Task objective » Provide only the number of lines in the records below that contain "ultimately".

Records from a dataset
+ + +

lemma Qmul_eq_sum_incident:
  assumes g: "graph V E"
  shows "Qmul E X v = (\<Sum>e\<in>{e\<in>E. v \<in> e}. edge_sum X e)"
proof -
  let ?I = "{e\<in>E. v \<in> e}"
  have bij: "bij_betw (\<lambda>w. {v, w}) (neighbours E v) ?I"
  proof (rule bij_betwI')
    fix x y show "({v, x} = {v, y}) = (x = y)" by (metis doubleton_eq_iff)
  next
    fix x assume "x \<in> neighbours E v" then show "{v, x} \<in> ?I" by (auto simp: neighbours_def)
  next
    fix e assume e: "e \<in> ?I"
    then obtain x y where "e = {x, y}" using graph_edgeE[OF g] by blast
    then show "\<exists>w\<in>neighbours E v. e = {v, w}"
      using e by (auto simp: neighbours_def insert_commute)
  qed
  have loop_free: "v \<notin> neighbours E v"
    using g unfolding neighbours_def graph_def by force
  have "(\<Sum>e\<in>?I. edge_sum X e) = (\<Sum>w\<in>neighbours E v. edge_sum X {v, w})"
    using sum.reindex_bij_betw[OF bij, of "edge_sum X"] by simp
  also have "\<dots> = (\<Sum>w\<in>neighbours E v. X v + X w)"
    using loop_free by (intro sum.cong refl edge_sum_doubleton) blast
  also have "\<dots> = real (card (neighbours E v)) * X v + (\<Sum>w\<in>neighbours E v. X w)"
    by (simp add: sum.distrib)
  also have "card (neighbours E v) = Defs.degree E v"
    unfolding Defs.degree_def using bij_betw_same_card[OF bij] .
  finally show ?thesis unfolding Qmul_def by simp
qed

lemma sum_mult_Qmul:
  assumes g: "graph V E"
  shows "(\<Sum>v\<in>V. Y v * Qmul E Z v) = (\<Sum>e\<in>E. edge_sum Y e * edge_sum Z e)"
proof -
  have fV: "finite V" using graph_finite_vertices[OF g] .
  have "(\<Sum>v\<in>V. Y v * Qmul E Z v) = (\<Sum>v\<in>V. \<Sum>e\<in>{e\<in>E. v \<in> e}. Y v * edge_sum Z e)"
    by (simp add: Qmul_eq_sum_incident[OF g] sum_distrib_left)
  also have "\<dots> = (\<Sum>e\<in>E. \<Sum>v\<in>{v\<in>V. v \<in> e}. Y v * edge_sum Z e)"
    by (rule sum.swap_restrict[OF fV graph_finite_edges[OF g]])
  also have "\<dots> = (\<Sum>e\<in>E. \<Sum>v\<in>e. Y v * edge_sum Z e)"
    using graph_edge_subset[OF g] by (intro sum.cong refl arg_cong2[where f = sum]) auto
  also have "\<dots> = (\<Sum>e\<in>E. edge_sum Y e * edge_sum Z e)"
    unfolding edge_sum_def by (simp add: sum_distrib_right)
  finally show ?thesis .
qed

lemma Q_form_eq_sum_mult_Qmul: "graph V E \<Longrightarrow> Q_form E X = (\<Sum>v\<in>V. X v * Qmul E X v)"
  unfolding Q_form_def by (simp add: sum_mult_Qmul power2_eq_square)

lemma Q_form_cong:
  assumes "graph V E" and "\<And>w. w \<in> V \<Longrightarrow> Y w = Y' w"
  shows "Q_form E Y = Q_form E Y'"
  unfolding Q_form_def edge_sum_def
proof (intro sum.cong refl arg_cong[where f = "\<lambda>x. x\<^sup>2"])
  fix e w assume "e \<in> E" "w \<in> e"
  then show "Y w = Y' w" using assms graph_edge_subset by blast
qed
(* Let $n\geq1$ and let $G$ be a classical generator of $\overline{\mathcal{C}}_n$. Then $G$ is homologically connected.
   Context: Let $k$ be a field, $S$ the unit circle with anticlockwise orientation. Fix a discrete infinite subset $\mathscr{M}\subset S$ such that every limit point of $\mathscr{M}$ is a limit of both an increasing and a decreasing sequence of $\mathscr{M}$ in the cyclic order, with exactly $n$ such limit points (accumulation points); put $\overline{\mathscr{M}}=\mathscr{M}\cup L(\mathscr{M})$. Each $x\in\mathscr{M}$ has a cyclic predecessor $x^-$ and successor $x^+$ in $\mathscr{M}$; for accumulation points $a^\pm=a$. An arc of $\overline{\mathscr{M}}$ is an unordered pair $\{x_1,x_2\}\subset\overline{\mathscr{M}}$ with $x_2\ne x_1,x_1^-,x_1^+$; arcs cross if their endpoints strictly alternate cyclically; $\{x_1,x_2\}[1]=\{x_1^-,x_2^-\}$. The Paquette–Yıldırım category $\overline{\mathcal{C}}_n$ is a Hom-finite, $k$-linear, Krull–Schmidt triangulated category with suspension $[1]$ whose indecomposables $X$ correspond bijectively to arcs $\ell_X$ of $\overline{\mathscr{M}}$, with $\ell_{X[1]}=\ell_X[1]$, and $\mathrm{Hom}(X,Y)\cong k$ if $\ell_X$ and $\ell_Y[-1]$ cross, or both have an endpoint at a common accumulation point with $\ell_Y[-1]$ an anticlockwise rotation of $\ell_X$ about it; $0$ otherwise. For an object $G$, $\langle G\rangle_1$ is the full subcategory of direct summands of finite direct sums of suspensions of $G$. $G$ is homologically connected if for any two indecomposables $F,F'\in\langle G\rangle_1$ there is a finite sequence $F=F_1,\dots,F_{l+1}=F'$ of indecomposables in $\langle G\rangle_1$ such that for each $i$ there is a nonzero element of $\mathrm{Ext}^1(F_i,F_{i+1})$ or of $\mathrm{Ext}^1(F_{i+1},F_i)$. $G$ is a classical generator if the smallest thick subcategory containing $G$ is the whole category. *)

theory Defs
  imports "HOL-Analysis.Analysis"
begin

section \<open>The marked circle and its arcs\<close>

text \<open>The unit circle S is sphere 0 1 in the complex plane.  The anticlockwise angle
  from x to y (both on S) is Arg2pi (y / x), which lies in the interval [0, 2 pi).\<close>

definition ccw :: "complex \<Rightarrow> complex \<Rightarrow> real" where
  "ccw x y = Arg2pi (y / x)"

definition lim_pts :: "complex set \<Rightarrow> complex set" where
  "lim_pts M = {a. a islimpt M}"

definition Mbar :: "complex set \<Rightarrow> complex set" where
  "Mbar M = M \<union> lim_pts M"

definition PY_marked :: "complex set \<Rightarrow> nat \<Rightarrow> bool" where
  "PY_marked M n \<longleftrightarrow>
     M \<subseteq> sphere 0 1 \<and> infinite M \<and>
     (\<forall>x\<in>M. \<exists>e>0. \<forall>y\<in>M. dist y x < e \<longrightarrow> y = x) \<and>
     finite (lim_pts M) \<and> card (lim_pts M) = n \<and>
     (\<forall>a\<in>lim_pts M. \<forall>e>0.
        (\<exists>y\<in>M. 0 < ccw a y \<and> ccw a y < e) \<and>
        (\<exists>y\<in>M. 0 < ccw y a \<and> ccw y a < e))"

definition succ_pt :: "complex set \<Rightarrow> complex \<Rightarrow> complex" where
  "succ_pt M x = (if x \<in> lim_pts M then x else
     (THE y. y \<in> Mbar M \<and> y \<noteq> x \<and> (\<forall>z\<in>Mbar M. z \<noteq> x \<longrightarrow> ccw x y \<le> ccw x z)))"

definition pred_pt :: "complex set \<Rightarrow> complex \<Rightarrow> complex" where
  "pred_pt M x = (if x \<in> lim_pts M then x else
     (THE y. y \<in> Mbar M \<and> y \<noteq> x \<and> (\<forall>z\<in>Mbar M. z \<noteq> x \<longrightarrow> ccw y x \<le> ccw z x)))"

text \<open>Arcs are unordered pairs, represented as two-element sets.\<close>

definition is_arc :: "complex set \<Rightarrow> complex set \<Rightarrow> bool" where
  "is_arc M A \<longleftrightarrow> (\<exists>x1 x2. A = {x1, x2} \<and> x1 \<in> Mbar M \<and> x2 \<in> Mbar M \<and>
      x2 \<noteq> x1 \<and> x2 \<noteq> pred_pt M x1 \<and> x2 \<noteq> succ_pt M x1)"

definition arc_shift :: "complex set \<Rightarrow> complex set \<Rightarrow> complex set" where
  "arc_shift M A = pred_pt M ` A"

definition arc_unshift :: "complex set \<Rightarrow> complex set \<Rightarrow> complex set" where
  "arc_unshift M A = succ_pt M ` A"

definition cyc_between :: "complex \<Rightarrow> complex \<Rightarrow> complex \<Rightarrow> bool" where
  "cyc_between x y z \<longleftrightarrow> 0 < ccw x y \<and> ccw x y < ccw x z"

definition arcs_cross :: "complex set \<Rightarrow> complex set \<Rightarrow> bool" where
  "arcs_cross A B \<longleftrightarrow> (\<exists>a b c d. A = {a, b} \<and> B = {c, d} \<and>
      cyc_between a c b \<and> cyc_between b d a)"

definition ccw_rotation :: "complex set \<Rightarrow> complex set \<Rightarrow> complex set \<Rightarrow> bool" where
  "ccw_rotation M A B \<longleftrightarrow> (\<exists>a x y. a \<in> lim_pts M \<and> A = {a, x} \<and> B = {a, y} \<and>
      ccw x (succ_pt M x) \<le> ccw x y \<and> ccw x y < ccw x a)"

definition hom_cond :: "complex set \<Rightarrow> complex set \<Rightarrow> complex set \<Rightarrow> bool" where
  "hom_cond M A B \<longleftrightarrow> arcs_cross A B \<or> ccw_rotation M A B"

+ + +

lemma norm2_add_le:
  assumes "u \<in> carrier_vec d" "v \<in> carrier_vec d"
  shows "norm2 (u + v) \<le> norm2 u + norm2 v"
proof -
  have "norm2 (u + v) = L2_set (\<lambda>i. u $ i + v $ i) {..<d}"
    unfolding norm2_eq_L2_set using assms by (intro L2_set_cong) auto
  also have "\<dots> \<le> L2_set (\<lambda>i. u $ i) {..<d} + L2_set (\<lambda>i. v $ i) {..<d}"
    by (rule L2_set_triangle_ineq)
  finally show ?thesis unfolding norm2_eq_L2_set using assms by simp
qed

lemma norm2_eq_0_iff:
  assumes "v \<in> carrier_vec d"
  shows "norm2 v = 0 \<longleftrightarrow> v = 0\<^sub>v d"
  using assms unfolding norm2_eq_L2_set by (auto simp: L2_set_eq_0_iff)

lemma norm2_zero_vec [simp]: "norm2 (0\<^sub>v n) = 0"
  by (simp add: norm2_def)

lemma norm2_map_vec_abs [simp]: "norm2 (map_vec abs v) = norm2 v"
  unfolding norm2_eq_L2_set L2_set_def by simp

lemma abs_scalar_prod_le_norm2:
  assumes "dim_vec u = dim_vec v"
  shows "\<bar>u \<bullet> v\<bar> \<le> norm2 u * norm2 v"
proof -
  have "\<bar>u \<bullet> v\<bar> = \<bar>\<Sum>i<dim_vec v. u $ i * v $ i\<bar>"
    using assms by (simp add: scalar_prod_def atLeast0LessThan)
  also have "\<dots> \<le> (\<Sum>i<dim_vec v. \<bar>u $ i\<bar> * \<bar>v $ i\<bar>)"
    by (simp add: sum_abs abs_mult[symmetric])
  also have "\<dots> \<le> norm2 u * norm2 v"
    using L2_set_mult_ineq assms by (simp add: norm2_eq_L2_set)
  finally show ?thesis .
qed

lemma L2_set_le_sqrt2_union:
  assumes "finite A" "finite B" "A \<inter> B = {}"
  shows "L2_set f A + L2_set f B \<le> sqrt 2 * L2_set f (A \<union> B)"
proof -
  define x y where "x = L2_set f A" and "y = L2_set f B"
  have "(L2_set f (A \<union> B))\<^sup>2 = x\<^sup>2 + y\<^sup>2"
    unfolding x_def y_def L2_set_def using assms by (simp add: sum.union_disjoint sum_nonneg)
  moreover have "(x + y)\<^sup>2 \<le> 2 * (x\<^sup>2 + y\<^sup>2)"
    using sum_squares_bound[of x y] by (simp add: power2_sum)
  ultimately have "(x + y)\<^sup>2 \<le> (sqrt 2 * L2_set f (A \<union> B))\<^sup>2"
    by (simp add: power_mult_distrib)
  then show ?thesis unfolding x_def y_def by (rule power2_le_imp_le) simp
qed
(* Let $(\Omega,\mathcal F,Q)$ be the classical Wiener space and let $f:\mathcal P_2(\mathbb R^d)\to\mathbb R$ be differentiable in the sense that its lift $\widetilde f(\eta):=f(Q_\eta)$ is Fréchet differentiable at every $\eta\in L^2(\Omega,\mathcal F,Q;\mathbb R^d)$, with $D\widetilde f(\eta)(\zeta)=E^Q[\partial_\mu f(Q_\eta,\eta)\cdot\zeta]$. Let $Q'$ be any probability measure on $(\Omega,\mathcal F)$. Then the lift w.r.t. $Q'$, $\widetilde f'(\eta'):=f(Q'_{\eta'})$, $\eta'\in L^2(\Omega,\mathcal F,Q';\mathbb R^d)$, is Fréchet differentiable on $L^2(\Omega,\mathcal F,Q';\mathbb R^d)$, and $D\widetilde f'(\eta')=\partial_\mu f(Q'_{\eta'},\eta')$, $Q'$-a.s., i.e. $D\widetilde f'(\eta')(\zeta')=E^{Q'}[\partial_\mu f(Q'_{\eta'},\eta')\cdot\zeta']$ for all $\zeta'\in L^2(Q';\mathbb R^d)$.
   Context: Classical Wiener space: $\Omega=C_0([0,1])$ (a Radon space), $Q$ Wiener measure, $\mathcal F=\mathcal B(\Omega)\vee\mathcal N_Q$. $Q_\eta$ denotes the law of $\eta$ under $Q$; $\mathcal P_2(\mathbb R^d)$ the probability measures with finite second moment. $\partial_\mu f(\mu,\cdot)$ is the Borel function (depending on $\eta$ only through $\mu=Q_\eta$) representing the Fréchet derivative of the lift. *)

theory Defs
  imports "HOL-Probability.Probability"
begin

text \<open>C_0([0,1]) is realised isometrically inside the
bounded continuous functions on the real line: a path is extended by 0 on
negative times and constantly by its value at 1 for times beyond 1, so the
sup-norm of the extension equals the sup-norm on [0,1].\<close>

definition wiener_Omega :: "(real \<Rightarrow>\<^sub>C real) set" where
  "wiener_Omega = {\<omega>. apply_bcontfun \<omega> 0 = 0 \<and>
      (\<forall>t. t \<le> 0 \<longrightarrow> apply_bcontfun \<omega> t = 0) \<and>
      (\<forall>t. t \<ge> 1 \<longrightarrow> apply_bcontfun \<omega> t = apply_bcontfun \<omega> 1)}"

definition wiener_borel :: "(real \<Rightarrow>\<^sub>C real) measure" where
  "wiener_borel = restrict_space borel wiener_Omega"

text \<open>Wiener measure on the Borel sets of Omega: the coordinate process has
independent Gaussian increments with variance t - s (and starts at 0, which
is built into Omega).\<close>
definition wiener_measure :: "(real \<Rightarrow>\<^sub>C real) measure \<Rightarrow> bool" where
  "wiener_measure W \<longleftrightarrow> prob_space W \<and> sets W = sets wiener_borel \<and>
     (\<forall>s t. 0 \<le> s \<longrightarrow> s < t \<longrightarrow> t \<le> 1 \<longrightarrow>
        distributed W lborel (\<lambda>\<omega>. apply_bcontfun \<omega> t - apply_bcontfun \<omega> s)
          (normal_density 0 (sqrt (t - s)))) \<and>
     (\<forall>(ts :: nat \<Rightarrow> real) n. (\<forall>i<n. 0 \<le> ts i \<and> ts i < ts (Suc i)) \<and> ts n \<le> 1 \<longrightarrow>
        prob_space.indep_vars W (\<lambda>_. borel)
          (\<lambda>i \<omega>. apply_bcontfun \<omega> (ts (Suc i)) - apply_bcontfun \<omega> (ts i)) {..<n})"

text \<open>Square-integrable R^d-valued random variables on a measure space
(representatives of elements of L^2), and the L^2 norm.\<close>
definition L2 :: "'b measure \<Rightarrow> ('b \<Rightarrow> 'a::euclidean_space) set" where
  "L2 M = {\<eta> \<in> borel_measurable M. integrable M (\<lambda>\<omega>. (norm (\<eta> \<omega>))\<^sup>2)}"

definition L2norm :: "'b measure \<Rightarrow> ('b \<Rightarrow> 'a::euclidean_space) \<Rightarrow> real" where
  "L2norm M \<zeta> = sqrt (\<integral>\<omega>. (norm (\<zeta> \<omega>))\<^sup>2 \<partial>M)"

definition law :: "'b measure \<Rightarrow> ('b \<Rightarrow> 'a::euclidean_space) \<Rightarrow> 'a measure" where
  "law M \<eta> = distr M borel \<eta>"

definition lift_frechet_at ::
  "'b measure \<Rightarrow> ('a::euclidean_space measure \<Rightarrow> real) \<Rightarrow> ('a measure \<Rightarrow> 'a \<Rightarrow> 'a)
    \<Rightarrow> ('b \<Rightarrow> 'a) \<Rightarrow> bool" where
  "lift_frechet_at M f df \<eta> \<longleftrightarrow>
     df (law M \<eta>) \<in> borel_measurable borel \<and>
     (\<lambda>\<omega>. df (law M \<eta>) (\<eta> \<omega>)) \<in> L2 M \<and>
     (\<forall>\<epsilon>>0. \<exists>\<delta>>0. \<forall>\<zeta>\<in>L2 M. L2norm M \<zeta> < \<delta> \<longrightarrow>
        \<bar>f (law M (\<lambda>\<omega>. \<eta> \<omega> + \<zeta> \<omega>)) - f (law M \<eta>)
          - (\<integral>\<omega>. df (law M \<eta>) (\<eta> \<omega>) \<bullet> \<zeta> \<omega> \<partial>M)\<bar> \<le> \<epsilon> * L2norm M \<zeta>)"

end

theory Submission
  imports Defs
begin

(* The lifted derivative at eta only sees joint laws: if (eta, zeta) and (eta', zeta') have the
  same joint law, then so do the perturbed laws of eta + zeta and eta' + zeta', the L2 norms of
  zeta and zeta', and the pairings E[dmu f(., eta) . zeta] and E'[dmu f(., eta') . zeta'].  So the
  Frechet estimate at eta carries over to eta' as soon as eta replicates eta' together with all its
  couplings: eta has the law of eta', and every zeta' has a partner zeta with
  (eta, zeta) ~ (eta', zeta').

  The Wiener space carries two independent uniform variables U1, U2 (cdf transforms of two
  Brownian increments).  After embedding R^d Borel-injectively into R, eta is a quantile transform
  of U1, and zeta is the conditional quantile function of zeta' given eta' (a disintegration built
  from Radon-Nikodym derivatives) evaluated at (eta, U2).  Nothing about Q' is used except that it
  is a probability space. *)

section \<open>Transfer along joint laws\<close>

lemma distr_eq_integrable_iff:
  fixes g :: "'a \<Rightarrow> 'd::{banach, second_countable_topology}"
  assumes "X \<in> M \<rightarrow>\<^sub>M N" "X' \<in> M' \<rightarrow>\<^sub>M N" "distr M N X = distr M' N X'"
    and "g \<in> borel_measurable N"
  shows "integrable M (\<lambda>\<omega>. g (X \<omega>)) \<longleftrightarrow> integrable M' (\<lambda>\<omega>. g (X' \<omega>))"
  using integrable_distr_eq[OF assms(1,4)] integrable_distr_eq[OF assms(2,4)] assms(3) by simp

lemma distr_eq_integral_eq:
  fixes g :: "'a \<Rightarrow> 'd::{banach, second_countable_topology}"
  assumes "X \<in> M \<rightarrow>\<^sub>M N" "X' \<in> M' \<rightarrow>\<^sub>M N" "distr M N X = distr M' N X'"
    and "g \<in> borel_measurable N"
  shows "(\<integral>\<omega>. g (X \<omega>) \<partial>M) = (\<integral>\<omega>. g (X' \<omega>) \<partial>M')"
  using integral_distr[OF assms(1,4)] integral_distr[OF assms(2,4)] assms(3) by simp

+ + +

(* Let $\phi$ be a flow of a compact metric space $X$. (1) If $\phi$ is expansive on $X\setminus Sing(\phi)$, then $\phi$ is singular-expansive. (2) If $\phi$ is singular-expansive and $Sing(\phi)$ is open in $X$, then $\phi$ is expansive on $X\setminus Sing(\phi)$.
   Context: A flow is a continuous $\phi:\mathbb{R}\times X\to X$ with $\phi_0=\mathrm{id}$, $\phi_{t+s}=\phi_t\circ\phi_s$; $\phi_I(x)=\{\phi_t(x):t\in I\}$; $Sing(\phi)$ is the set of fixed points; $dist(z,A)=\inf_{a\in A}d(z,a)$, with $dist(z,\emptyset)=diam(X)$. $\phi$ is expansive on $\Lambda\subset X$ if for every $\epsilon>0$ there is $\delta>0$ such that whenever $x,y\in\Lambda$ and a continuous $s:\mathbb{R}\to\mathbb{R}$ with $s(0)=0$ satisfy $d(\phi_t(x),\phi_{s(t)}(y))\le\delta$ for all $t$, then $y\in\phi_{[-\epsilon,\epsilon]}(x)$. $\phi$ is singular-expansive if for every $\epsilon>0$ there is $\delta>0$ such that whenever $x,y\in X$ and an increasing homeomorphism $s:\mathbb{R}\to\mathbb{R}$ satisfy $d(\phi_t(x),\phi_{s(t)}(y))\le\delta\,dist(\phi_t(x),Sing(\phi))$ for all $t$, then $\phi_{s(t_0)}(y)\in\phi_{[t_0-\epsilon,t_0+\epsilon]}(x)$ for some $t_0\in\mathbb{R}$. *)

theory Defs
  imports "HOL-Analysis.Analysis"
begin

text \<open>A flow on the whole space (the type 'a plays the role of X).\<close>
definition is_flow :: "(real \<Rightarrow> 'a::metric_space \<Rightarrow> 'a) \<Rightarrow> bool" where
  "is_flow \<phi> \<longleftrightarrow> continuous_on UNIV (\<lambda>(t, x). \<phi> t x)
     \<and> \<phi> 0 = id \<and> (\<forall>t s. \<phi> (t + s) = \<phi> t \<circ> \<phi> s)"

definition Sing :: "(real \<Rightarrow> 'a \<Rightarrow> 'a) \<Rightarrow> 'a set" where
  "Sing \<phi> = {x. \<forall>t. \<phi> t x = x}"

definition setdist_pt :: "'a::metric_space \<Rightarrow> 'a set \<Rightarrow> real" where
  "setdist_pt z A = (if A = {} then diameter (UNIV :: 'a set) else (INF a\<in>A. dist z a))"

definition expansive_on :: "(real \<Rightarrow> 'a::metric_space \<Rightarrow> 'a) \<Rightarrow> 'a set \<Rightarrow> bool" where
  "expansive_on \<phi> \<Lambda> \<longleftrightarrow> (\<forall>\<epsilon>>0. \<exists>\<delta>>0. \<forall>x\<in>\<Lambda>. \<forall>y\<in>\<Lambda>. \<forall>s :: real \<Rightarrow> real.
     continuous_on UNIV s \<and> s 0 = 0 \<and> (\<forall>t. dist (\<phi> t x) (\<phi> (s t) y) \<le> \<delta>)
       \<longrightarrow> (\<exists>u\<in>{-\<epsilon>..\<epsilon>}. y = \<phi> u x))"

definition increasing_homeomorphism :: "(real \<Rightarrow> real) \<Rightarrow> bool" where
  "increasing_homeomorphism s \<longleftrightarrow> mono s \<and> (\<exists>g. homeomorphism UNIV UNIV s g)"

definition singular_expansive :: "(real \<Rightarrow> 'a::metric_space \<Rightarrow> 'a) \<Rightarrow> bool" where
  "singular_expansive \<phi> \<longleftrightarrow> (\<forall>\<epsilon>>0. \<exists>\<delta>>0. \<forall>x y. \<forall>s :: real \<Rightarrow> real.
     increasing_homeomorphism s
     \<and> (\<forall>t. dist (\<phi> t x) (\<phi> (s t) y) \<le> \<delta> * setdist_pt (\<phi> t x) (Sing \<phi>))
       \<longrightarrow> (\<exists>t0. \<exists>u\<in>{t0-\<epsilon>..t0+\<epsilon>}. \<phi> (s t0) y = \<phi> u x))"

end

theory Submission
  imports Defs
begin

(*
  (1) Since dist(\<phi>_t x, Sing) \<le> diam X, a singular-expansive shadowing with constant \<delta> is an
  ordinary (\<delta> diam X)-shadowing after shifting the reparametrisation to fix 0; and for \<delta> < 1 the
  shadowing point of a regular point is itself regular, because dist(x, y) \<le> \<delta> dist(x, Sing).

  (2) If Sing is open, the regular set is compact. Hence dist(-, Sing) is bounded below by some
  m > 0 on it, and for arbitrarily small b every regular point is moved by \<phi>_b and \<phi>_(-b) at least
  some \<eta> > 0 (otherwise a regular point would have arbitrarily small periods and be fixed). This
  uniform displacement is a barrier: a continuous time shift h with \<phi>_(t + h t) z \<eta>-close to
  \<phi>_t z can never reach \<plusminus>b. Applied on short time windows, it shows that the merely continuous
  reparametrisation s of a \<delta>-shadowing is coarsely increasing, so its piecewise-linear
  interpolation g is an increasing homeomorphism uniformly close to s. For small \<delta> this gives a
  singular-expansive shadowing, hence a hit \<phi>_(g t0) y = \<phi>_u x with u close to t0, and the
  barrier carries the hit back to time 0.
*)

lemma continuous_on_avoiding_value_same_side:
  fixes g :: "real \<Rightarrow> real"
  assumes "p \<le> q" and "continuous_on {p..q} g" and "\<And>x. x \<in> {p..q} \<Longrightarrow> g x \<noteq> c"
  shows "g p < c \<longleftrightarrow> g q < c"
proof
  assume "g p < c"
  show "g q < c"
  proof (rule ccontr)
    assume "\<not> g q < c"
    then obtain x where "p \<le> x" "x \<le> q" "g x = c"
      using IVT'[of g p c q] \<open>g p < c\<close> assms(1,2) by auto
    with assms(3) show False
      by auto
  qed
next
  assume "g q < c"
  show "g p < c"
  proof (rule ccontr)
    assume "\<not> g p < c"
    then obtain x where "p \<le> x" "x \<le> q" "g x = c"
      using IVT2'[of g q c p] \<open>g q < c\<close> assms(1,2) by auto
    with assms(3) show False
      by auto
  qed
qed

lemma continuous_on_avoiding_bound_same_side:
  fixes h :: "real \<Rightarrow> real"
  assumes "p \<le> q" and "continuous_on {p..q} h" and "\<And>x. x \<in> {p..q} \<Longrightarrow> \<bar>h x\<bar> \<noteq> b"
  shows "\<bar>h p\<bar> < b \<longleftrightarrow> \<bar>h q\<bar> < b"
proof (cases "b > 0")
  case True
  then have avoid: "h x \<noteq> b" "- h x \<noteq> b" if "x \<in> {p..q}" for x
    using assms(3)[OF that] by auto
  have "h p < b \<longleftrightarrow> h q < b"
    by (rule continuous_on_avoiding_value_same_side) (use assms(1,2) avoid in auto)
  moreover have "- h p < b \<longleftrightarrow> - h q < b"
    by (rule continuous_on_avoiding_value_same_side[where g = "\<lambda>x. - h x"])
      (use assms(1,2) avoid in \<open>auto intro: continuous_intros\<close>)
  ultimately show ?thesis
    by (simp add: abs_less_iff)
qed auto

+ + +

Completed exercise » 2